*What to work on*:
Please copy exactly the lines that begin with the one containing "x\rfloor$ is the" and end with the last line of the entries.

══ The data ══

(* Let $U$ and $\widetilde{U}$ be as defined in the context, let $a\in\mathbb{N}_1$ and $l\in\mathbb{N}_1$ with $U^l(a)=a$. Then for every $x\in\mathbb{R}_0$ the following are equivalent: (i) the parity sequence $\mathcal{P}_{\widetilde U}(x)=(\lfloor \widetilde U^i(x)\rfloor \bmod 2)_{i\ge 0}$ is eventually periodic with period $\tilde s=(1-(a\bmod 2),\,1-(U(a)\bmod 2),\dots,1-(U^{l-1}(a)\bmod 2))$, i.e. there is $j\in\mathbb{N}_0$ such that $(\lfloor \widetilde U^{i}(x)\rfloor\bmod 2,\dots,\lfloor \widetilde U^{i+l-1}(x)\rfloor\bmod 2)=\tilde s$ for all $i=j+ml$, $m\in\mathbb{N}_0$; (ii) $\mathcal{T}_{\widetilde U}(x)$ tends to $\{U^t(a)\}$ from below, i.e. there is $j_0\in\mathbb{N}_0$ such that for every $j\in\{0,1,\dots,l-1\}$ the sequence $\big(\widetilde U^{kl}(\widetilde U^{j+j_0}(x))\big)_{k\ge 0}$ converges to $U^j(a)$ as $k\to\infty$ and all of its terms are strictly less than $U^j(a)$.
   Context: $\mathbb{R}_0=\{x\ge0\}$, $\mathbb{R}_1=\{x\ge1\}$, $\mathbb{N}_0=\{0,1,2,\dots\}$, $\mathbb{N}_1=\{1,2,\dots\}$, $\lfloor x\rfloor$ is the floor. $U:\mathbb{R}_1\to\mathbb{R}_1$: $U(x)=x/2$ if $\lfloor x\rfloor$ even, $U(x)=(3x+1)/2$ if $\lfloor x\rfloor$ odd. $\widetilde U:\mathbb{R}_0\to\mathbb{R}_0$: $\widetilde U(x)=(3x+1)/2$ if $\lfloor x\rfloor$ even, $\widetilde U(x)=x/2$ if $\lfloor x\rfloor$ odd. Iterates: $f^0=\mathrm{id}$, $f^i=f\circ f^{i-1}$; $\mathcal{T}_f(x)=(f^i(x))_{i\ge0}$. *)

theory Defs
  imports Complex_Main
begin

═══

*Solution*:
   Context: $\mathbb{R}_0=\{x\ge0\}$, $\mathbb{R}_1=\{x\ge1\}$, $\mathbb{N}_0=\{0,1,2,\dots\}$, $\mathbb{N}_1=\{1,2,\dots\}$, $\lfloor x\rfloor$ is the floor. $U:\mathbb{R}_1\to\mathbb{R}_1$: $U(x)=x/2$ if $\lfloor x\rfloor$ even, $U(x)=(3x+1)/2$ if $\lfloor x\rfloor$ odd. $\widetilde U:\mathbb{R}_0\to\mathbb{R}_0$: $\widetilde U(x)=(3x+1)/2$ if $\lfloor x\rfloor$ even, $\widetilde U(x)=x/2$ if $\lfloor x\rfloor$ odd. Iterates: $f^0=\mathrm{id}$, $f^i=f\circ f^{i-1}$; $\mathcal{T}_f(x)=(f^i(x))_{i\ge0}$. *)

theory Defs
  imports Complex_Main
begin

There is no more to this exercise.